(* U K plays the mixed derivative along the directions in K, taken in the order 3, 2, 1; the
   hypotheses follow that order, so no symmetry of mixed derivatives is needed. *)
lemma ennreal_abs_le_nn_integral_unit_cube:
  fixes U :: "3 set \<Rightarrow> real^3 \<Rightarrow> real"
  assumes cont: "\<And>K. continuous_on UNIV (U K)"
    and d3: "\<And>y s. ((\<lambda>r. U {} (y + r *\<^sub>R axis 3 1)) has_real_derivative U {3} (y + s *\<^sub>R axis 3 1)) (at s)"
    and d2: "\<And>K y s. K \<subseteq> {3} \<Longrightarrow>
      ((\<lambda>r. U K (y + r *\<^sub>R axis 2 1)) has_real_derivative U (insert 2 K) (y + s *\<^sub>R axis 2 1)) (at s)"
    and d1: "\<And>K y s. K \<subseteq> {2, 3} \<Longrightarrow>
      ((\<lambda>r. U K (y + r *\<^sub>R axis 1 1)) has_real_derivative U (insert 1 K) (y + s *\<^sub>R axis 1 1)) (at s)"
  shows "ennreal \<bar>U {} x\<bar> \<le> (\<integral>\<^sup>+y\<in>cbox x (x + 1). (\<Sum>K\<in>UNIV. ennreal \<bar>U K y\<bar>) \<partial>lborel)"
proof -
  define S where "S A y = (\<Sum>K\<in>Pow A. ennreal \<bar>U K y\<bar>)" for A y
  have step3: "S {} y \<le> (\<integral>\<^sup>+c\<in>{0..1}. S {3} (y + c *\<^sub>R axis 3 1) \<partial>lborel)" for y
    unfolding S_def using d3 by (intro sum_Pow_abs_le_nn_integral_segment cont) auto
  have step2: "S {3} y \<le> (\<integral>\<^sup>+b\<in>{0..1}. S {2, 3} (y + b *\<^sub>R axis 2 1) \<partial>lborel)" for y
    unfolding S_def using d2 by (intro sum_Pow_abs_le_nn_integral_segment cont) auto
  have step1: "S {2, 3} y \<le> (\<integral>\<^sup>+a\<in>{0..1}. S UNIV (y + a *\<^sub>R axis 1 1) \<partial>lborel)" for y
    unfolding S_def UNIV_3 using d1 by (intro sum_Pow_abs_le_nn_integral_segment cont) auto
  have "ennreal \<bar>U {} x\<bar> = S {} x"
    by (simp add: S_def)
  also have "\<dots> \<le> (\<integral>\<^sup>+c\<in>{0..1}. \<integral>\<^sup>+b\<in>{0..1}. \<integral>\<^sup>+a\<in>{0..1}.
         S UNIV (x + c *\<^sub>R axis 3 1 + b *\<^sub>R axis 2 1 + a *\<^sub>R axis 1 1) \<partial>lborel \<partial>lborel \<partial>lborel)"
  proof -
    have "S {} x \<le> (\<integral>\<^sup>+c\<in>{0..1}. S {3} (x + c *\<^sub>R axis 3 1) \<partial>lborel)"
      by (rule step3)
    also have "\<dots> \<le> (\<integral>\<^sup>+c\<in>{0..1}. \<integral>\<^sup>+b\<in>{0..1}. S {2, 3} (x + c *\<^sub>R axis 3 1 + b *\<^sub>R axis 2 1) \<partial>lborel \<partial>lborel)"
      by (intro nn_integral_mono mult_right_mono step2) auto
    also have "\<dots> \<le> (\<integral>\<^sup>+c\<in>{0..1}. \<integral>\<^sup>+b\<in>{0..1}. \<integral>\<^sup>+a\<in>{0..1}.
         S UNIV (x + c *\<^sub>R axis 3 1 + b *\<^sub>R axis 2 1 + a *\<^sub>R axis 1 1) \<partial>lborel \<partial>lborel \<partial>lborel)"
      by (intro nn_integral_mono mult_right_mono step1) auto
    finally show ?thesis .
  qed
  also have "\<dots> = (\<integral>\<^sup>+y\<in>cbox x (x + 1). S UNIV y \<partial>lborel)"
  proof (rule nn_integral_unit_cube_iterated[symmetric])
    have [measurable]: "U K \<in> borel_measurable borel" for K
      using cont by (rule borel_measurable_continuous_onI)
    show "S UNIV \<in> borel_measurable borel"
      unfolding S_def by measurable
  qed
  finally show ?thesis
    by (simp add: S_def)
qed

section \<open>Weights and the Landau kernel\<close>

lemma jb_eq_norm_Pair: "jb z = norm (1::real, z)"
  by (simp add: jb_def norm_Pair)

lemma jb_ge_1: "1 \<le> jb z"
  by (simp add: jb_def)

lemma jb_pos: "0 < jb z"
  using jb_ge_1[of z] by linarith

lemma jb_nonneg [simp]: "0 \<le> jb z" and jb_neq_0 [simp]: "jb z \<noteq> 0"
  using jb_pos[of z] by simp_all

lemma norm_le_jb: "norm z \<le> jb z"
  unfolding jb_def by (rule real_le_rsqrt) simp

lemma jb_le_jb_add_norm_diff: "jb z \<le> jb z' + norm (z - z')"
proof -
  have "(1::real, z) = (1, z') + (0, z - z')"
    by simp
  then have "norm (1::real, z) \<le> norm (1::real, z') + norm (0::real, z - z')"
    by (metis norm_triangle_ineq)
  then show ?thesis
    by (simp add: jb_eq_norm_Pair norm_Pair)
qed

lemma continuous_on_jb [continuous_intros]:
  "continuous_on S g \<Longrightarrow> continuous_on S (\<lambda>x. jb (g x))"
  unfolding jb_def by (intro continuous_intros)

lemma continuous_on_jb_powr [continuous_intros]:
  "continuous_on S g \<Longrightarrow> continuous_on S (\<lambda>x. jb (g x) powr e)"
  by (intro continuous_on_powr' continuous_on_jb continuous_on_const) auto

lemma add_le_2_mult:
  fixes a b :: real
  assumes "1 \<le> a" "1 \<le> b"
  shows "a + b \<le> 2 * a * b"
proof -
  have "0 \<le> (a - 1) * (b - 1)" and "1 \<le> a * b"
    using assms mult_mono[of 1 a 1 b] by simp_all
  then show ?thesis by (simp add: algebra_simps)
qed

lemma mult_le_weighted_squares:
  fixes lam a b :: real
  assumes "0 < lam"
  shows "2 * (a * b) \<le> lam * a\<^sup>2 + b\<^sup>2 / lam"
proof -
  have "0 \<le> (lam * a - b)\<^sup>2 / lam"
    using assms by simp
  also have "\<dots> = lam * a\<^sup>2 + b\<^sup>2 / lam - 2 * (a * b)"
    using assms by (simp add: power2_eq_square field_simps)
  finally show ?thesis by simp
qed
------------------------------------------------------------
The listing above holds a line with "K \<in> borel_measurable" and a line with "by (simp add: jb_def norm_Pair)". Print the stretch from the first through the second, exactly and alone.

    have [measurable]: "U K \<in> borel_measurable borel" for K
      using cont by (rule borel_measurable_continuous_onI)
    show "S UNIV \<in> borel_measurable borel"
      unfolding S_def by measurable
  qed
  finally show ?thesis
    by (simp add: S_def)
qed

section \<open>Weights and the Landau kernel\<close>

lemma jb_eq_norm_Pair: "jb z = norm (1::real, z)"
  by (simp add: jb_def norm_Pair)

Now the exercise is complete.